*Activity:* Your answer should consist of the lines in the data below that contain "meson".

Top of The records

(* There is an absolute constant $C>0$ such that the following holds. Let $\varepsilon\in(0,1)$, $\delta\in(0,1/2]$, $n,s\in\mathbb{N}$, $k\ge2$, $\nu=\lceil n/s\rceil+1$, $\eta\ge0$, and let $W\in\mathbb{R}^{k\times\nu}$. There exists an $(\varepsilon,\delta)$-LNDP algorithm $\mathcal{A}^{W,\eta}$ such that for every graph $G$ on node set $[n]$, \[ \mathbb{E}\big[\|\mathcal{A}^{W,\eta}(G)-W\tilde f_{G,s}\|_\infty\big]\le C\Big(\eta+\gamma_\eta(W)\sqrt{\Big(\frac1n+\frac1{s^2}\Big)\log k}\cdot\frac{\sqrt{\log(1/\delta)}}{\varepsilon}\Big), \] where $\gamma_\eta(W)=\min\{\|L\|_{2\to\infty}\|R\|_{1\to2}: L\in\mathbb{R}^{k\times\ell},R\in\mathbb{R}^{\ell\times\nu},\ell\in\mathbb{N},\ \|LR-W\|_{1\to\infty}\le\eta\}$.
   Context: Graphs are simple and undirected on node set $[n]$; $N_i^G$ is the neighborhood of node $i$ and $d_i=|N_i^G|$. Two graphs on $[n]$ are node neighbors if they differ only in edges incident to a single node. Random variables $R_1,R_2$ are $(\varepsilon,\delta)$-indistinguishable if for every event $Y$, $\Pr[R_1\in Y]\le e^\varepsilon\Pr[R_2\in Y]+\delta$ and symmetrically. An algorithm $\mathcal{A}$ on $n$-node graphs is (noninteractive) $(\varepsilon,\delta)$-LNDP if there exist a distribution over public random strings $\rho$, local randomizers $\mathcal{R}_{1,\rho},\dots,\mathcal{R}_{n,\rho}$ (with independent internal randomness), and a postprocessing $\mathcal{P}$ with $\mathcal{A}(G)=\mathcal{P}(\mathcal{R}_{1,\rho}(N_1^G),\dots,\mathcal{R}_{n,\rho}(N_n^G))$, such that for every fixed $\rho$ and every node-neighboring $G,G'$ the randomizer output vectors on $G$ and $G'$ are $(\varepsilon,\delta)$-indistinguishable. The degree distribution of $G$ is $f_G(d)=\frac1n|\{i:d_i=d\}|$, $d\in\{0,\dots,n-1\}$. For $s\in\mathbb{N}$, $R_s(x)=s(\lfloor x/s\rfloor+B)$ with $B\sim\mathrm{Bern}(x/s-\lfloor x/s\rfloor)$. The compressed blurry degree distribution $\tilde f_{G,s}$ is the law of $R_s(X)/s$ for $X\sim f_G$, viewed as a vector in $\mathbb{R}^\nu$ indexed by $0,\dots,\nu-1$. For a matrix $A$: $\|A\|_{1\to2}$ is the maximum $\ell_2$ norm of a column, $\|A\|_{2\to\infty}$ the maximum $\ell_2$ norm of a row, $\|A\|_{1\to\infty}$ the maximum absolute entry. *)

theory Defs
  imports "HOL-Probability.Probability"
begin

Bottom of The records
Top of The records

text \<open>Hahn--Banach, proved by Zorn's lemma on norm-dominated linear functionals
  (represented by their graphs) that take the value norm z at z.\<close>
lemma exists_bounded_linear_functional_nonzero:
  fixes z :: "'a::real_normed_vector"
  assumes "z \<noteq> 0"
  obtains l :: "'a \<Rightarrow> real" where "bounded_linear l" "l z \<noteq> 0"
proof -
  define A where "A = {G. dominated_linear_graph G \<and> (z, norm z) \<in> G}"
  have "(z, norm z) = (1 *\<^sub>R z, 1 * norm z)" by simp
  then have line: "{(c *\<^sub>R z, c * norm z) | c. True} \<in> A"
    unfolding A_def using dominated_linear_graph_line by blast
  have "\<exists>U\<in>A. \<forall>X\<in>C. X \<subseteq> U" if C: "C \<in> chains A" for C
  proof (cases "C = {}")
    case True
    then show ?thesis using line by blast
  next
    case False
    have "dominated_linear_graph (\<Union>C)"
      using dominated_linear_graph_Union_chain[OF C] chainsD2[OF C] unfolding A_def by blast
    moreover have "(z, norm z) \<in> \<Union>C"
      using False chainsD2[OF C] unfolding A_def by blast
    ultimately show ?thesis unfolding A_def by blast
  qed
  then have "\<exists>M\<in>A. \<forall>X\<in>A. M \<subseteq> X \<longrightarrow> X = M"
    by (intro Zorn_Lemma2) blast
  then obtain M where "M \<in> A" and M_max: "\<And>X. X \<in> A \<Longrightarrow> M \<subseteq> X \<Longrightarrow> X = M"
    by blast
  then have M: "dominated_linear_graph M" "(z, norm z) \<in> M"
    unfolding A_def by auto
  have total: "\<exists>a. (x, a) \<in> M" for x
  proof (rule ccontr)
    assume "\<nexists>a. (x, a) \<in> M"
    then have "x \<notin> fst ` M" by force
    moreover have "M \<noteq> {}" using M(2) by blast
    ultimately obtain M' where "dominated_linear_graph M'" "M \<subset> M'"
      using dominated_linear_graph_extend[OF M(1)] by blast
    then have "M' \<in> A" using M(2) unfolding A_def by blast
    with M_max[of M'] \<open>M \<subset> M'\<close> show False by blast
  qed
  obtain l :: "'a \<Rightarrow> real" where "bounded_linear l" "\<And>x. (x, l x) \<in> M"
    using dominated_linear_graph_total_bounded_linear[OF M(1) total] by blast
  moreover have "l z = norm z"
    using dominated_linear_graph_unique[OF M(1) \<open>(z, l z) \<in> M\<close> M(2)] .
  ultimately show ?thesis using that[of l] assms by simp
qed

Bottom of The records
Top of The records

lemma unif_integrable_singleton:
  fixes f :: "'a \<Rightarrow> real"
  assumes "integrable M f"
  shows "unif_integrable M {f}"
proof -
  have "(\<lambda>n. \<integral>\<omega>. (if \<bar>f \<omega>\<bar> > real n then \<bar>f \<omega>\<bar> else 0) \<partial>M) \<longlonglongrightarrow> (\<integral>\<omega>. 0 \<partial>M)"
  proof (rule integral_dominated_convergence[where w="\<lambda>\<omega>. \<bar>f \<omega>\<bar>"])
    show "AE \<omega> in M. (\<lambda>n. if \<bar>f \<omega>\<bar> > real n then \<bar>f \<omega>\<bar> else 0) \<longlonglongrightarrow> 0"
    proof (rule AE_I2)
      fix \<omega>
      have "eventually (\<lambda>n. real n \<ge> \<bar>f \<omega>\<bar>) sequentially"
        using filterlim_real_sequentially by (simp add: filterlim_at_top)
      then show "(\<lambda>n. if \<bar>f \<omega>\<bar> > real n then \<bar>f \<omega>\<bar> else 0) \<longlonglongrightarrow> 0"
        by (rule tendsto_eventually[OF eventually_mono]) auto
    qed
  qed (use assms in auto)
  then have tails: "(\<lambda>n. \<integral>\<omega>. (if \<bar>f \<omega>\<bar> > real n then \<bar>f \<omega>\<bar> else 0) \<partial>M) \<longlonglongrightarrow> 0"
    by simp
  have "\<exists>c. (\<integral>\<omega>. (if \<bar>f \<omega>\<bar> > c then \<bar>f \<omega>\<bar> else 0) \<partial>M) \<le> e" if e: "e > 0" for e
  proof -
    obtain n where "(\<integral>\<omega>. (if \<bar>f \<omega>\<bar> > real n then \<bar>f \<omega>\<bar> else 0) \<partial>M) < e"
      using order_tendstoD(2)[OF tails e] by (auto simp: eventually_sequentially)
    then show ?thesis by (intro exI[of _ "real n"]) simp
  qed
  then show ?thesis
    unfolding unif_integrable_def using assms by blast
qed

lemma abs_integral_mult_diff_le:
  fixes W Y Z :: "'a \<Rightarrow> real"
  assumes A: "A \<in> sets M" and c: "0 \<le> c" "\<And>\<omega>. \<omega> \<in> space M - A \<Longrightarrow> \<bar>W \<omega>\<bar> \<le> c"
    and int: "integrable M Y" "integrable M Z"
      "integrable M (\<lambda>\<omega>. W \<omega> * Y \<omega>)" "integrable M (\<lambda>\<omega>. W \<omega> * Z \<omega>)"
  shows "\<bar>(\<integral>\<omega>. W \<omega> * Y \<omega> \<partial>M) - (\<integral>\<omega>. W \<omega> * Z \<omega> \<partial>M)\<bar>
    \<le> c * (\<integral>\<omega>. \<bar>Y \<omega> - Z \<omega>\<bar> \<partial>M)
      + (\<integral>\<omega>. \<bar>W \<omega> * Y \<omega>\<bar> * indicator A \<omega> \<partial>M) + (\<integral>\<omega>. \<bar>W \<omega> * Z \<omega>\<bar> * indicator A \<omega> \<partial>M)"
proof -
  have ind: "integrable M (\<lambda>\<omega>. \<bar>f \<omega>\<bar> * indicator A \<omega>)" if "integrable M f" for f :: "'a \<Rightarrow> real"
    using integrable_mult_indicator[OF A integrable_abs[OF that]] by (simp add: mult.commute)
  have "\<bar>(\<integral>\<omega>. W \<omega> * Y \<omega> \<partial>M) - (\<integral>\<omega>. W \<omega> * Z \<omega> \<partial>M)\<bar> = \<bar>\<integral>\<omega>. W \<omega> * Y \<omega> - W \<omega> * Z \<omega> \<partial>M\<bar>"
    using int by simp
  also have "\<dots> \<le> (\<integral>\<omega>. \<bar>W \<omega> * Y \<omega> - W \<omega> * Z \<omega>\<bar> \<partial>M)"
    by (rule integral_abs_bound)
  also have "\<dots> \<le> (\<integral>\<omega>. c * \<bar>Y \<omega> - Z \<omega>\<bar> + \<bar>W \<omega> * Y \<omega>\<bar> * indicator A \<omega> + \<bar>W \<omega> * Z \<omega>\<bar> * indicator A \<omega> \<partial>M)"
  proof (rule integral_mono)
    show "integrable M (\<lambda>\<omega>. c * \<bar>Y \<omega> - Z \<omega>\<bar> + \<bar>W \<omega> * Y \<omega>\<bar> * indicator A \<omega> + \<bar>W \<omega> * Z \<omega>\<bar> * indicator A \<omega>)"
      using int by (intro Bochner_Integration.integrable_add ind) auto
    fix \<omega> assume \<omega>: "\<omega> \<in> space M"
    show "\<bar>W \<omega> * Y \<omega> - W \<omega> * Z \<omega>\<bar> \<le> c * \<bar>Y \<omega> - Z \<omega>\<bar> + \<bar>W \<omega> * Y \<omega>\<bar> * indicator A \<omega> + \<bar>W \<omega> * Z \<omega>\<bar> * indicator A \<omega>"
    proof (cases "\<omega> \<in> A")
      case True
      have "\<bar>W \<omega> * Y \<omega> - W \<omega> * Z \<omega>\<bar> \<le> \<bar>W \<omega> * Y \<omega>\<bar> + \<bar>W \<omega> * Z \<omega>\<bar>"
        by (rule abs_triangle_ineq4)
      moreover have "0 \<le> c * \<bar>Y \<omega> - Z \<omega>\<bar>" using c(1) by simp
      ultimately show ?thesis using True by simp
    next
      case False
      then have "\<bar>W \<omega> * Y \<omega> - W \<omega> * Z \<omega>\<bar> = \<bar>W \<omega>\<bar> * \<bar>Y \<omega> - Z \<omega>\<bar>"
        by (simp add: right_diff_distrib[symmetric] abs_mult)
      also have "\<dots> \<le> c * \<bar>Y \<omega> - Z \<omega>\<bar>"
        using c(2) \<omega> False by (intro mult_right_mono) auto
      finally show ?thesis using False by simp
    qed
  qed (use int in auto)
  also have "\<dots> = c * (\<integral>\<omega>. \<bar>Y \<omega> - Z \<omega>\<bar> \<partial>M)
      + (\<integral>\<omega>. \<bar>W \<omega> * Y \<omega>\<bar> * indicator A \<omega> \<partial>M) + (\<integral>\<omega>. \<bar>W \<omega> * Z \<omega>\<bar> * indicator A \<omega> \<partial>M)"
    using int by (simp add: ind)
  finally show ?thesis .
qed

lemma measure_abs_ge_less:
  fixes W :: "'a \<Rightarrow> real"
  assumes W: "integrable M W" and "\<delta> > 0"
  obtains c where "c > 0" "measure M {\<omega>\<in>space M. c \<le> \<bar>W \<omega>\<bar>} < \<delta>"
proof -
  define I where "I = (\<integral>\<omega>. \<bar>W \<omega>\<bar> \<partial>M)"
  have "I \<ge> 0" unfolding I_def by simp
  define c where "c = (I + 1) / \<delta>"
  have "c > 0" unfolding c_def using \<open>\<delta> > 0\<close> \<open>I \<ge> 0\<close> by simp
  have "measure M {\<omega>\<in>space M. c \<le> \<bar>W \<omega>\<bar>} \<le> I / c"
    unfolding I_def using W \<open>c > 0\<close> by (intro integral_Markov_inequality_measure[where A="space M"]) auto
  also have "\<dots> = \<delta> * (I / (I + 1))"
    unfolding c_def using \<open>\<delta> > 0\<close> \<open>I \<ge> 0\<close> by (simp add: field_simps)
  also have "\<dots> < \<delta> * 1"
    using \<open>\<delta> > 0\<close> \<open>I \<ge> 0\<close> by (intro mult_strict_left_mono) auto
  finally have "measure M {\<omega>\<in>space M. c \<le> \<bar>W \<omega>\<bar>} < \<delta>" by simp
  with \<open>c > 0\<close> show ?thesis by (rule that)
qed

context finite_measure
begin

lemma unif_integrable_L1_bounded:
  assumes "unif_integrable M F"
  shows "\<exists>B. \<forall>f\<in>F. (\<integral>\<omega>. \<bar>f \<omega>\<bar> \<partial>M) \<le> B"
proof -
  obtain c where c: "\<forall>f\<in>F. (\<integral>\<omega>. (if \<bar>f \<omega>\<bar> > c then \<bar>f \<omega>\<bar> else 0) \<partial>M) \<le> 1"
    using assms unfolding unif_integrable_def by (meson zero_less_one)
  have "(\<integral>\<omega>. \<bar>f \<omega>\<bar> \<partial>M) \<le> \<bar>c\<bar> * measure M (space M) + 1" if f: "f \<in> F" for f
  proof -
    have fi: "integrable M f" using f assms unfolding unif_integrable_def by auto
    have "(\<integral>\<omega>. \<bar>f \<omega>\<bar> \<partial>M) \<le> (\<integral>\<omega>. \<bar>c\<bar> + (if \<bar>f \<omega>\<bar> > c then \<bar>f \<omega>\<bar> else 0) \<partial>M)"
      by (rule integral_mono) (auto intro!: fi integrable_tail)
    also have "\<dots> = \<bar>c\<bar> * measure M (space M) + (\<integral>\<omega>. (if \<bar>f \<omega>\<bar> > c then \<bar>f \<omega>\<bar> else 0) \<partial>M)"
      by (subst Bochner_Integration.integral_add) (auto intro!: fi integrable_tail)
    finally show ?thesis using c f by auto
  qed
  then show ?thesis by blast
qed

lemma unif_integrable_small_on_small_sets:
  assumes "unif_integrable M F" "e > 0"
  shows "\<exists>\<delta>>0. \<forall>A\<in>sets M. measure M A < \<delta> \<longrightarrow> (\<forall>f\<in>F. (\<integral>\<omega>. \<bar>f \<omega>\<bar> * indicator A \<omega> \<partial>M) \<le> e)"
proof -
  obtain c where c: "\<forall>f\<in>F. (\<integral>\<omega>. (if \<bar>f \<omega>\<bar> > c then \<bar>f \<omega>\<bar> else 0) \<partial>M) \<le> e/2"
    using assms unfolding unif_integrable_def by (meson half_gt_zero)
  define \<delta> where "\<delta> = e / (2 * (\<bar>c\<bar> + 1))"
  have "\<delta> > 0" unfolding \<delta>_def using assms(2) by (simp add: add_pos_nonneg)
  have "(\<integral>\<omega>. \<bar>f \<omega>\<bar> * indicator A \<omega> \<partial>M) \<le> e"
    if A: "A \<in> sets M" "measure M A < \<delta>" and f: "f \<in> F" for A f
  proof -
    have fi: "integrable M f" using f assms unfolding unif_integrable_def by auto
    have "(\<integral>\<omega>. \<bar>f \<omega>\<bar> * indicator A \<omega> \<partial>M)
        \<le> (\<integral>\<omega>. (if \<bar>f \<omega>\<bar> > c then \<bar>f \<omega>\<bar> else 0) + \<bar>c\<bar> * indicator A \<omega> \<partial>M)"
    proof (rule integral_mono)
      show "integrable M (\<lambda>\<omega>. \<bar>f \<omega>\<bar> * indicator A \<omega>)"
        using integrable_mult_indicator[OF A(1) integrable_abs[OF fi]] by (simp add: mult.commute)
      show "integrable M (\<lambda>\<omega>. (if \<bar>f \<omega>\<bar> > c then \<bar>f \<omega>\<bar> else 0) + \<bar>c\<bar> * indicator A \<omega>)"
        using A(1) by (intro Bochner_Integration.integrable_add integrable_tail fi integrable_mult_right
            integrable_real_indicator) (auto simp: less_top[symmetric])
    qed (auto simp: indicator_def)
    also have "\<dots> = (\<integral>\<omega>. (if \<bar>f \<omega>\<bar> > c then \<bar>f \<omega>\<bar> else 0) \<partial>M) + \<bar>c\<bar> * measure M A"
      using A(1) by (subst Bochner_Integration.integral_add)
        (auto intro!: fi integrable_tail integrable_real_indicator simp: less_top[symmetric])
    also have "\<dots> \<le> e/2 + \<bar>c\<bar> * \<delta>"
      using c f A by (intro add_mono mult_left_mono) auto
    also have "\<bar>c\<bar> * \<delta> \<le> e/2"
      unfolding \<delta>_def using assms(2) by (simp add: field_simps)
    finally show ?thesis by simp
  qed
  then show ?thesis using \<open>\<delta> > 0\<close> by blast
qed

Bottom of The records

*Written response:*
    using assms unfolding unif_integrable_def by (meson zero_less_one)
    using assms unfolding unif_integrable_def by (meson half_gt_zero)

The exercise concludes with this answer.